▶ _Aim of the task_
Search the records for the word "where" and pick out every line that has it.

***** Excerpted records *****

(* Let $\mathcal{X}$ be a Polish space, $F\colon\mathcal{X}\to\mathbb{R}_+$ measurable, and let $\mathcal{M}_+^F(\mathcal{X})$ be the set of $\sigma$-finite positive measures $\mu$ on $\mathcal{X}$ with $\mu(F^{-1}(0))=0$ and $\mu(\{x:F(x)>\varepsilon\})<\infty$ for all $\varepsilon>0$. Let $\mathcal{Q}\colon\mathcal{X}\to\mathcal{M}_+^F(\mathcal{X})$ be measurable and assume there is $c<1$ such that $\int F(y)\,\mathcal{Q}(x,dy)\le cF(x)$ for every $x\in\mathcal{X}$. For $x\in\mathcal{X}$ let $\mu^{[n]}_x=\sum_{\ell=0}^n\mu^\ell_x$ be the recursive Poisson point process of depth $n$ with kernel $\mathcal{Q}$ started at $x$. Then for every $x\in\mathcal{X}$ there exists a random $\sigma$-finite measure $\mu^{[\infty]}_x$ on $\mathcal{X}$ such that $$\lim_{n\to\infty}\mathbf{E}\int F(y)\,\bigl(\mu^{[\infty]}_x-\mu^{[n]}_x\bigr)(dy)=0.$$
   Context: Recursive Poisson point process: set $\mu^0_x=\delta_x$ and, for $n\ge1$, let $\mu^n_x$ be, conditionally on $\mu^0_x,\dots,\mu^{n-1}_x$, a Poisson point process (random integer-valued $\sigma$-finite measure) on $\mathcal{X}$ with intensity measure $\int_{\mathcal{X}}\mathcal{Q}(y,\cdot)\,\mu^{n-1}_x(dy)$; then $\mu^{[n]}_x=\sum_{\ell=0}^n\mu^\ell_x$. *)

theory Defs
  imports "HOL-Probability.Probability"
begin

text \<open>Poisson probability of the value m for parameter lam in [0,\<infinity>];
  a Poisson variable of parameter \<infinity> equals \<infinity> a.s., so every finite value has probability 0.\<close>
definition poisson_prob :: "ennreal \<Rightarrow> nat \<Rightarrow> ennreal" where
  "poisson_prob lam m =
     (if lam = \<top> then 0
      else ennreal (exp (- enn2real lam) * enn2real lam ^ m / fact m))"

definition random_measure :: "'w measure \<Rightarrow> ('w \<Rightarrow> 'a::topological_space measure) \<Rightarrow> bool" where
  "random_measure M N \<longleftrightarrow>
     (\<forall>w\<in>space M. sets (N w) = sets borel) \<and>
     (\<forall>A\<in>sets borel. (\<lambda>w. emeasure (N w) A) \<in> borel_measurable M)"

text \<open>Conditionally on the events in G, N is a Poisson point process (random integer-valued
  sigma-finite measure) with random intensity measure Lam (given by its values on Borel sets):
  for disjoint Borel sets A_0..A_{k-1}, naturals m_i and B in G,
  P(B \<inter> {N(A_i) = m_i for all i}) = E[1_B * prod_i Poisson(Lam(A_i))(m_i)].\<close>
definition cond_poisson_pp ::
  "'w measure \<Rightarrow> 'w set set \<Rightarrow> ('w \<Rightarrow> 'a::topological_space measure) \<Rightarrow> ('w \<Rightarrow> 'a set \<Rightarrow> ennreal) \<Rightarrow> bool" where
  "cond_poisson_pp M G N Lam \<longleftrightarrow>
     random_measure M N \<and>
     (\<forall>w\<in>space M. sigma_finite_measure (N w) \<and>
        (\<forall>A\<in>sets borel. emeasure (N w) A \<in> range of_nat \<union> {\<top>})) \<and>
     (\<forall>(k::nat) (As::nat \<Rightarrow> 'a set) (ms::nat \<Rightarrow> nat) B.
        B \<in> G \<longrightarrow> (\<forall>i<k. As i \<in> sets borel) \<longrightarrow> disjoint_family_on As {..<k} \<longrightarrow>
        emeasure M (B \<inter> {w\<in>space M. \<forall>i<k. emeasure (N w) (As i) = of_nat (ms i)}) =
        (\<integral>\<^sup>+ w. indicator B w * (\<Prod>i<k. poisson_prob (Lam w (As i)) (ms i)) \<partial>M))"

definition hist_sigma :: "'w measure \<Rightarrow> (nat \<Rightarrow> 'w \<Rightarrow> 'a::topological_space measure) \<Rightarrow> nat \<Rightarrow> 'w set set" where
  "hist_sigma M \<mu> n = sigma_sets (space M)
     {(\<lambda>w. emeasure (\<mu> l w) A) -` S \<inter> space M | l A S. l < n \<and> A \<in> sets borel \<and> S \<in> sets borel}"

definition recursive_ppp ::
  "'w measure \<Rightarrow> ('a::topological_space \<Rightarrow> 'a measure) \<Rightarrow> 'a \<Rightarrow> (nat \<Rightarrow> 'w \<Rightarrow> 'a measure) \<Rightarrow> bool" where
  "recursive_ppp M Q x \<mu> \<longleftrightarrow>
     (\<forall>w\<in>space M. \<mu> 0 w = return borel x) \<and>
     (\<forall>n. cond_poisson_pp M (hist_sigma M \<mu> (Suc n)) (\<mu> (Suc n))
            (\<lambda>w A. \<integral>\<^sup>+ y. emeasure (Q y) A \<partial>(\<mu> n w)))"

definition MF :: "('a::topological_space \<Rightarrow> real) \<Rightarrow> 'a measure set" where
  "MF F = {m. sets m = sets borel \<and> sigma_finite_measure m \<and>
              emeasure m (F -` {0}) = 0 \<and>
              (\<forall>e>0. emeasure m {y. F y > e} < \<top>)}"

end

theory Submission
  imports Defs
begin

text \<open>Conditionally on the past, a Poisson point process has its intensity as mean measure, so
  E \<integral> g d\<mu>^(n+1) \<le> E \<integral>\<integral> g dQ(y) d\<mu>^n(y); for g = F the contraction hypothesis gives
  E \<integral> F d\<mu>^n \<le> c^n F(x). Hence \<Sum>_n \<mu>^n has finite mean F-mass and its tails \<Sum>_{l>n} \<mu>^l
  have F-mass tending to 0 in mean. The sum is a.s. \<sigma>-finite: it charges F^-1(0) only through
  the initial atom \<delta>_x, since Q is null there, and it gives finite mass to every set {F > \<epsilon>}.\<close>

lemma random_measureD:
  assumes "random_measure M N"
  shows "\<And>w. w \<in> space M \<Longrightarrow> sets (N w) = sets borel"
    and "\<And>A. A \<in> sets borel \<Longrightarrow> (\<lambda>w. emeasure (N w) A) \<in> borel_measurable M"
  using assms unfolding random_measure_def by auto

lemma random_measure_measurable:
  assumes "random_measure M N" "w \<in> space M" "g \<in> borel_measurable borel"
  shows "g \<in> borel_measurable (N w)"
  by (subst measurable_cong_sets[OF random_measureD(1)[OF assms(1,2)] refl]) (rule assms(3))

lemma borel_measurable_nn_integral_random_measure:
  assumes N: "random_measure M N" and g: "g \<in> borel_measurable borel"
  shows "(\<lambda>w. \<integral>\<^sup>+y. g y \<partial>N w) \<in> borel_measurable M"
  using g
proof (induction rule: borel_measurable_induct)
  case (cong f g)
  then show ?case by (simp add: fun_eq_iff)
next
  case (set A)
  then show ?case
    by (subst measurable_cong[where g="\<lambda>w. emeasure (N w) A"])
       (auto simp: random_measureD[OF N])
next
  case (mult u c)
  then show ?case
    by (subst measurable_cong[where g="\<lambda>w. c * \<integral>\<^sup>+y. u y \<partial>N w"])
       (auto simp: random_measureD[OF N] random_measure_measurable[OF N] intro!: nn_integral_cmult)
next
  case (add u v)
  then show ?case
    by (subst measurable_cong[where g="\<lambda>w. (\<integral>\<^sup>+y. v y \<partial>N w) + \<integral>\<^sup>+y. u y \<partial>N w"])
       (auto simp: random_measureD[OF N] random_measure_measurable[OF N] intro!: nn_integral_add)
next
  case (seq U)
  have eq: "(\<integral>\<^sup>+y. (SUP i. U i) y \<partial>N w) = (SUP i. \<integral>\<^sup>+y. U i y \<partial>N w)" if "w \<in> space M" for w
  proof -
    have "\<And>i. U i \<in> borel_measurable (N w)"
      using N that seq(1) by (rule random_measure_measurable)
    with \<open>incseq U\<close> show ?thesis
      unfolding SUP_apply by (rule nn_integral_monotone_convergence_SUP)
  qed
  show ?case
    by (subst measurable_cong[OF eq]) (use seq in \<open>auto intro: borel_measurable_SUP\<close>)
qed

lemma random_measure_cong_sets:
  assumes "sets M = sets M'"
  shows "random_measure M N \<longleftrightarrow> random_measure M' N"
  unfolding random_measure_def sets_eq_imp_space_eq[OF assms] measurable_cong_sets[OF assms refl] ..

text \<open>The mean measure A \<mapsto> E N(A) of a random measure N; over the counting measure on \<nat> it
  is the sum of a sequence of measures.\<close>
definition mixture :: "'w measure \<Rightarrow> ('w \<Rightarrow> 'a::topological_space measure) \<Rightarrow> 'a measure" where
  "mixture M N = measure_of UNIV (sets borel) (\<lambda>A. \<integral>\<^sup>+w. emeasure (N w) A \<partial>M)"

lemma sigma_algebra_borel: "sigma_algebra UNIV (sets borel)"
  using sets.sigma_algebra_axioms[of borel] by simp

lemma sets_mixture [simp, measurable_cong]: "sets (mixture M N) = sets borel"
  unfolding mixture_def by (simp add: sigma_algebra.sigma_sets_eq[OF sigma_algebra_borel])

lemma emeasure_mixture:
  fixes N :: "'w \<Rightarrow> 'a::topological_space measure"
  assumes N: "random_measure M N" and A: "A \<in> sets borel"
  shows "emeasure (mixture M N) A = (\<integral>\<^sup>+w. emeasure (N w) A \<partial>M)"
  unfolding mixture_def
proof (rule emeasure_measure_of_sigma[OF sigma_algebra_borel _ _ A])
  show "positive (sets borel) (\<lambda>A. \<integral>\<^sup>+w. emeasure (N w) A \<partial>M)"
    by (simp add: positive_def)
  show "countably_additive (sets borel) (\<lambda>A. \<integral>\<^sup>+w. emeasure (N w) A \<partial>M)"
  proof (rule countably_additiveI)
    fix B :: "nat \<Rightarrow> 'a set"
    assume B: "range B \<subseteq> sets borel" "disjoint_family B"
    have "(\<Sum>i. \<integral>\<^sup>+w. emeasure (N w) (B i) \<partial>M) = (\<integral>\<^sup>+w. (\<Sum>i. emeasure (N w) (B i)) \<partial>M)"
      using B by (intro nn_integral_suminf[symmetric] random_measureD(2)[OF N]) auto
    also have "\<dots> = (\<integral>\<^sup>+w. emeasure (N w) (\<Union>i. B i) \<partial>M)"
      using B by (intro nn_integral_cong suminf_emeasure) (simp_all add: random_measureD(1)[OF N])
    finally show "(\<Sum>i. \<integral>\<^sup>+w. emeasure (N w) (B i) \<partial>M) = \<integral>\<^sup>+w. emeasure (N w) (\<Union>i. B i) \<partial>M" .
  qed
qed
(* Let $p(x)=x^3-a_2x^2+a_1x-a_0$ with real coefficients $a_0,a_1,a_2>0$, and let $\alpha=\min\{a_2,a_0/a_1\}$ and $\beta=\max\{a_2,a_0/a_1\}$. Then $p(x)<0$ for all $x\in(0,\alpha)$ and $p(x)>0$ for all $x>\beta$. *)

theory Defs
  imports Complex_Main
begin

end

theory Submission
  imports Defs
begin

(* Split p x = x^2 (x - a2) + (a1 x - a0): below both a2 and a0/a1 the two summands are
   negative, above both of them they are positive. *)

lemma cubic_split:
  fixes x a0 a1 a2 :: "'a::comm_ring_1"
  shows "x ^ 3 - a2 * x ^ 2 + a1 * x - a0 = x ^ 2 * (x - a2) + (a1 * x - a0)"
  by (simp add: algebra_simps power2_eq_square power3_eq_cube)

lemma cubic_neg_below_bounds:
  fixes x a0 a1 a2 :: "'a::linordered_field"
  assumes "0 < a1" "0 < x" "x < a2" "x < a0 / a1"
  shows "x ^ 3 - a2 * x ^ 2 + a1 * x - a0 < 0"
proof -
  have "x ^ 2 * (x - a2) < 0"
    using assms by (simp add: mult_pos_neg)
  moreover have "a1 * x < a0"
    using assms by (simp add: pos_less_divide_eq mult.commute)
  ultimately show ?thesis
    by (simp add: cubic_split)
qed

lemma cubic_pos_above_bounds:
  fixes x a0 a1 a2 :: "'a::linordered_field"
  assumes "0 < a1" "0 \<le> a2" "a2 < x" "a0 / a1 < x"
  shows "0 < x ^ 3 - a2 * x ^ 2 + a1 * x - a0"
proof -
  have "0 < x ^ 2 * (x - a2)"
    using assms by simp
  moreover have "a0 < a1 * x"
    using assms by (simp add: pos_divide_less_eq mult.commute)
  ultimately show ?thesis
    by (simp add: cubic_split)
qed

theorem lemma2:
  fixes a0 a1 a2 :: real
  assumes "a0 > 0" "a1 > 0" "a2 > 0"
  defines "p \<equiv> (\<lambda>x::real. x ^ 3 - a2 * x ^ 2 + a1 * x - a0)"
    and "\<alpha> \<equiv> min a2 (a0 / a1)"
    and "\<beta> \<equiv> max a2 (a0 / a1)"
  shows "(\<forall>x. 0 < x \<and> x < \<alpha> \<longrightarrow> p x < 0) \<and> (\<forall>x. x > \<beta> \<longrightarrow> p x > 0)"
  using assms cubic_neg_below_bounds[of a1 _ a2 a0] cubic_pos_above_bounds[of a1 a2 _ a0]
  unfolding p_def \<alpha>_def \<beta>_def by auto

end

*****

▶ _Solved exercise_
definition poisson_prob :: "ennreal \<Rightarrow> nat \<Rightarrow> ennreal" where
definition random_measure :: "'w measure \<Rightarrow> ('w \<Rightarrow> 'a::topological_space measure) \<Rightarrow> bool" where
  "'w measure \<Rightarrow> 'w set set \<Rightarrow> ('w \<Rightarrow> 'a::topological_space measure) \<Rightarrow> ('w \<Rightarrow> 'a set \<Rightarrow> ennreal) \<Rightarrow> bool" where
definition hist_sigma :: "'w measure \<Rightarrow> (nat \<Rightarrow> 'w \<Rightarrow> 'a::topological_space measure) \<Rightarrow> nat \<Rightarrow> 'w set set" where
  "'w measure \<Rightarrow> ('a::topological_space \<Rightarrow> 'a measure) \<Rightarrow> 'a \<Rightarrow> (nat \<Rightarrow> 'w \<Rightarrow> 'a measure) \<Rightarrow> bool" where
definition MF :: "('a::topological_space \<Rightarrow> real) \<Rightarrow> 'a measure set" where
    by (subst measurable_cong[where g="\<lambda>w. emeasure (N w) A"])
    by (subst measurable_cong[where g="\<lambda>w. c * \<integral>\<^sup>+y. u y \<partial>N w"])
    by (subst measurable_cong[where g="\<lambda>w. (\<integral>\<^sup>+y. v y \<partial>N w) + \<integral>\<^sup>+y. u y \<partial>N w"])
definition mixture :: "'w measure \<Rightarrow> ('w \<Rightarrow> 'a::topological_space measure) \<Rightarrow> 'a measure" where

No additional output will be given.